İster sahilde içeceğinizi yudumlayın isterseniz kapalı mekanda olun, geniş spektrumlu güneş savunması kullanmanız önemlidir. Bilhassa de UV ışınlarının yüzde 80’inin bulutlardan geçerek camlardan geçebildiğini düşünürsek güneş savunucu kullanmanız gerekir. Kışın ise güneş ışınları karın üzerine yansıyıp geri gelerek cildinize iki defa vurabilir.
Günlük kullanımda cildiniz için hem UVA hem de UVB ışınlarına karşı yeteri kadar savunma sağlamak için geniş spektrumlu bir SPF 30 savunma tercih edin. Dışarıda uzun müddet zaman geçirecekseniz SPF 50 ya da daha üzeri savunmalar tercih edebilirsiniz.

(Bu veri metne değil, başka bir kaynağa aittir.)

definition W1inf :: "'b::euclidean_space set \<Rightarrow> ('b \<Rightarrow> real) \<Rightarrow> ('b \<Rightarrow> 'b) \<Rightarrow> bool" where
  "W1inf \<Omega> v Dv \<longleftrightarrow> set_borel_measurable lebesgue \<Omega> v \<and> set_borel_measurable lebesgue \<Omega> Dv \<and>
     (\<exists>C. AE x in lebesgue. x \<in> \<Omega> \<longrightarrow> \<bar>v x\<bar> \<le> C \<and> norm (Dv x) \<le> C) \<and> weak_grad \<Omega> v Dv"

definition W01_1 :: "'b::euclidean_space set \<Rightarrow> ('b \<Rightarrow> real) \<Rightarrow> ('b \<Rightarrow> 'b) \<Rightarrow> bool" where
  "W01_1 \<Omega> v Dv \<longleftrightarrow> set_integrable lebesgue \<Omega> v \<and> set_integrable lebesgue \<Omega> Dv \<and>
     weak_grad \<Omega> v Dv \<and>
     (\<exists>\<phi>s. (\<forall>n. test_fun \<Omega> (\<phi>s n)) \<and>
        (\<lambda>n. (LINT x:\<Omega>|lebesgue. \<bar>\<phi>s n x - v x\<bar> + norm (grad (\<phi>s n) x - Dv x)))
          \<longlonglongrightarrow> 0)"

definition Gfield :: "(real \<Rightarrow> real) \<Rightarrow> 'b::euclidean_space \<Rightarrow> 'b" where
  "Gfield g y = (if y = 0 then 0 else (g (norm y) / norm y) *\<^sub>R y)"

end

theory Submission
  imports Defs
begin

text \<open>Outside \<open>\<Omega>\<close> the function \<open>u\<close> vanishes, so by the Lipschitz bound every point of a
  superlevel set \<open>{u > c}\<close> lies at distance more than \<open>c / L\<close> from \<open>x\<close>. Hence, near \<open>x\<close>, each
  \<open>x\<^sub>1\<close>-slice of \<open>{u > c}\<close> sits inside \<open>[-R, R]\<close> and avoids an interval of radius about
  \<open>c / L\<close> around \<open>x\<^sub>1\<close>, i.e. it is covered by two disjoint intervals \<open>[-R, a] \<union> [b, R]\<close>. By
  monotonicity and measure preservation, \<open>E\<^sub>t\<close> maps the slice a.e. into the union of the images
  of the two intervals, whose centres move by at most \<open>R (1 - e\<^sup>-\<^sup>t) \<le> R t\<close>. So for
  \<open>c > R L t\<close> a neighbourhood of \<open>x\<close> misses \<open>E\<^sub>t({u > c})\<close> up to a null set, and
  \<open>u\<^sup>t(x) \<le> R L t \<le> 2 R L t\<close>.\<close>

lemma null_sets_Diff_of_emeasure_le:
  fixes X Y :: "'b::euclidean_space set"
  assumes X: "X \<in> sets lebesgue" "emeasure lebesgue X < \<infinity>" and Y: "Y \<in> sets lebesgue"
    and YX: "Y - X \<in> null_sets lebesgue" and le: "emeasure lebesgue X \<le> emeasure lebesgue Y"
  shows "X - Y \<in> null_sets lebesgue"
proof -
  have "emeasure lebesgue Y + emeasure lebesgue (X - Y) = emeasure lebesgue (Y \<union> (X - Y))"
    using X Y by (intro plus_emeasure) auto
  also have "Y \<union> (X - Y) = X \<union> (Y - X)" by blast
  also have "emeasure lebesgue \<dots> = emeasure lebesgue X"
    by (rule emeasure_Un_null_set[OF X(1) YX])
  finally have sum: "emeasure lebesgue Y + emeasure lebesgue (X - Y) = emeasure lebesgue X" .
  with X(2) have "emeasure lebesgue Y < \<infinity>"
    by (metis ennreal_add_eq_top infinity_ennreal_def top.not_eq_extremum)
  with sum le have "emeasure lebesgue (X - Y) = 0"
    by (metis add.right_neutral antisym ennreal_add_left_cancel_le
        less_imp_neq zero_le)
  then show ?thesis using X Y by (simp add: null_setsI sets.Diff)
qed

lemma emeasure_lebesgue_Icc: "emeasure lebesgue {p..q::real} = ennreal (if p \<le> q then q - p else 0)"
  by simp

lemma fm_Icc: "fm {p..q}"
  unfolding fm_def emeasure_lebesgue_Icc by auto

lemma fm_Un: "fm M \<Longrightarrow> fm N \<Longrightarrow> fm (M \<union> N)"
  unfolding fm_def
  by (metis emeasure_subadditive ennreal_add_eq_top infinity_ennreal_def order_le_less_trans
      sets.Un top.not_eq_extremum)

lemma fm_subset: "M \<in> sets lebesgue \<Longrightarrow> M \<subseteq> N \<Longrightarrow> fm N \<Longrightarrow> fm M"
  unfolding fm_def by (meson emeasure_mono order_le_less_trans)

lemma null_sets_lebesgue_subset_Un:
  assumes "A \<in> null_sets lebesgue" "B \<in> null_sets lebesgue" "C \<subseteq> A \<union> B"
  shows "C \<in> null_sets lebesgue"
  by (rule null_sets_completion_subset[OF assms(3) null_sets.Un[OF assms(1,2)]])

lemma ae_eq_Diff_null_sets:
  assumes "ae_eq A B"
  shows "A - B \<in> null_sets lebesgue" "B - A \<in> null_sets lebesgue"
  using assms unfolding ae_eq_def by (auto intro: null_sets_completion_subset)

text \<open>The image of \<open>[p, q]\<close> prescribed by property (iv): same length, centre multiplied by \<open>e\<close>.\<close>
definition scaled_centre_Icc :: "real \<Rightarrow> real \<Rightarrow> real \<Rightarrow> real set" where
  "scaled_centre_Icc e p q = {(p + q) / 2 * e - (q - p) / 2 .. (p + q) / 2 * e + (q - p) / 2}"

lemma emeasure_scaled_centre_Icc:
  "emeasure lebesgue (scaled_centre_Icc e p q) = emeasure lebesgue {p..q}"
  unfolding scaled_centre_Icc_def emeasure_lebesgue_Icc by (auto simp: field_simps)

lemma scaled_centre_Icc_subset:
  assumes "e \<le> 1" "-R \<le> p" "q \<le> R"
  shows "scaled_centre_Icc e p q \<subseteq> {p - (1 - e) * R .. q + (1 - e) * R}"
proof
  fix z assume z: "z \<in> scaled_centre_Icc e p q"
  define m h where "m = (p + q) / 2" and "h = (q - p) / 2"
  have pq: "p = m - h" "q = m + h" unfolding m_def h_def by (simp_all add: field_simps)
  have zb: "m * e - h \<le> z" "z \<le> m * e + h"
    using z unfolding scaled_centre_Icc_def m_def h_def by auto
  then have "-R \<le> m" "m \<le> R" using assms pq by linarith+
  then have "m * (1 - e) \<le> R * (1 - e)" "- m * (1 - e) \<le> R * (1 - e)"
    using assms(1) by (intro mult_right_mono; simp)+
  then have "m - m * e \<le> R - R * e" "m * e - m \<le> R - R * e" by (simp_all add: algebra_simps)
  with zb pq show "z \<in> {p - (1 - e) * R .. q + (1 - e) * R}" by (auto simp: algebra_simps)
qed

lemma CStS_Icc:
  assumes E: "CStS E" and t: "0 \<le> t"
  shows "ae_eq (E t {p..q}) (scaled_centre_Icc (escale t) p q)"
proof (cases "p < q")
  case True
  have "\<And>t x R. 0 \<le> t \<Longrightarrow> 0 < R \<Longrightarrow>
      ae_eq (E t {x - R .. x + R}) {x * escale t - R .. x * escale t + R}"
    using E unfolding CStS_def by blast
  from this[OF t, where x = "(p + q) / 2" and R = "(q - p) / 2"] True
  have "ae_eq (E t {(p + q) / 2 - (q - p) / 2 .. (p + q) / 2 + (q - p) / 2})
      (scaled_centre_Icc (escale t) p q)"
    unfolding scaled_centre_Icc_def by simp
  moreover have "{(p + q) / 2 - (q - p) / 2 .. (p + q) / 2 + (q - p) / 2} = {p..q}"
    by (auto simp: field_simps)
  ultimately show ?thesis by simp
next
  case False
  then have zero: "emeasure lebesgue {p..q} = 0"
    unfolding emeasure_lebesgue_Icc by auto
  have "fm (E t {p..q})" "emeasure lebesgue (E t {p..q}) = emeasure lebesgue {p..q}"
    using E t fm_Icc unfolding CStS_def by blast+
  then have "E t {p..q} \<in> null_sets lebesgue"
    using zero unfolding fm_def by (simp add: null_setsI)
  moreover have "scaled_centre_Icc (escale t) p q \<in> null_sets lebesgue"
    using zero emeasure_scaled_centre_Icc[of "escale t" p q]
    by (simp add: null_setsI scaled_centre_Icc_def)
  ultimately show ?thesis
    unfolding ae_eq_def by (rule null_sets_lebesgue_subset_Un) blast
qed

text \<open>The measure of \<open>E\<^sub>t([p, a] \<union> [b, q])\<close> equals that of the union of the two disjoint
  images, which it contains a.e.; so it is a.e. contained in that union.\<close>
lemma CStS_ae_subset_two_Icc:
  assumes E: "CStS E" and t: "0 \<le> t" and M: "fm M" and sub: "M \<subseteq> {p..a} \<union> {b..q}"
    and ab: "a < b"
    and disj: "scaled_centre_Icc (escale t) p a \<inter> scaled_centre_Icc (escale t) b q = {}"
  shows "E t M - (scaled_centre_Icc (escale t) p a \<union> scaled_centre_Icc (escale t) b q)
      \<in> null_sets lebesgue"
proof -
  define K where "K = {p..a} \<union> {b..q}"
  define I J where "I = scaled_centre_Icc (escale t) p a" and "J = scaled_centre_Icc (escale t) b q"
  have K: "fm K" unfolding K_def by (intro fm_Un fm_Icc)
  have EK: "fm (E t K)" "emeasure lebesgue (E t K) = emeasure lebesgue K"
    using E t K unfolding CStS_def by blast+
  have mono: "E t N - E t K \<in> null_sets lebesgue" if "fm N" "N \<subseteq> K" for N
    using E t that K unfolding CStS_def by blast
  have IE: "I - E t {p..a} \<in> null_sets lebesgue" and JE: "J - E t {b..q} \<in> null_sets lebesgue"
    unfolding I_def J_def using CStS_Icc[OF E t] by (rule ae_eq_Diff_null_sets(2))+
  have EI: "E t {p..a} - E t K \<in> null_sets lebesgue" and EJ: "E t {b..q} - E t K \<in> null_sets lebesgue"
    using fm_Icc by (rule mono; simp add: K_def)+
  have "I - E t K \<in> null_sets lebesgue" "J - E t K \<in> null_sets lebesgue"
    by (rule null_sets_lebesgue_subset_Un[OF IE EI], blast)
      (rule null_sets_lebesgue_subset_Un[OF JE EJ], blast)
  then have IJ: "(I \<union> J) - E t K \<in> null_sets lebesgue"
    by (rule null_sets_lebesgue_subset_Un) blast
  have "emeasure lebesgue (E t K) = emeasure lebesgue {p..a} + emeasure lebesgue {b..q}"
    unfolding EK(2) unfolding K_def using ab by (intro plus_emeasure[symmetric]) auto
  also have "\<dots> = emeasure lebesgue I + emeasure lebesgue J"
    unfolding I_def J_def emeasure_scaled_centre_Icc ..
  also have "\<dots> = emeasure lebesgue (I \<union> J)"
    using disj unfolding I_def J_def
    by (intro plus_emeasure) (auto simp: scaled_centre_Icc_def)
  finally have le: "emeasure lebesgue (E t K) \<le> emeasure lebesgue (I \<union> J)" by (rule eq_refl)
  have EKs: "E t K \<in> sets lebesgue" "emeasure lebesgue (E t K) < \<infinity>"
    using EK(1) unfolding fm_def by blast+
  have IJs: "I \<union> J \<in> sets lebesgue"
    unfolding I_def J_def scaled_centre_Icc_def by simp
  have KIJ: "E t K - (I \<union> J) \<in> null_sets lebesgue"
    by (rule null_sets_Diff_of_emeasure_le[OF EKs IJs IJ le])
  have MK: "E t M - E t K \<in> null_sets lebesgue"
    using M by (rule mono) (simp add: K_def sub)
  have "E t M - (I \<union> J) \<in> null_sets lebesgue"
    using MK KIJ by (rule null_sets_lebesgue_subset_Un) blast
  then show ?thesis unfolding I_def J_def .
qed

lemma orep_Int_open_empty:
  fixes A S :: "'b::euclidean_space set"
  assumes S: "open S" and null: "S \<inter> A \<in> null_sets lebesgue"
  shows "S \<inter> orep A = {}"
proof (rule ccontr)
  assume "S \<inter> orep A \<noteq> {}"
  then obtain y r where y: "y \<in> S" and r: "r > 0" "ball y r - A \<in> null_sets lebesgue"
    unfolding orep_def by auto
  have "ball y r \<inter> S \<in> null_sets lebesgue"
    using r(2) null by (rule null_sets_lebesgue_subset_Un) blast
  moreover have "open (ball y r \<inter> S)" "y \<in> ball y r \<inter> S" using S y r(1) by auto
  ultimately show False
    using open_not_negligible[of "ball y r \<inter> S"] negligible_iff_null_sets by blast
qed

Pürüzsüz Bir Cilt için 7 Dermatolog Teklifi yazısı ilk önce Ayşe Tolga İyi Yaşam üzerinde ortaya çıktı.
Türkçe makale özgünleştirme tarafından yapılmıştır.
Önemli
Blog içerisinde yer alan tüm içerikler bilgilendirme amaçlıdır. İlaç veya ürün tavsiyesi değildir. Yaşadığınız hastalıklarla ilgili doktorunuza danışmadan herhangi bir ilaç veya ürün kullanmayınız!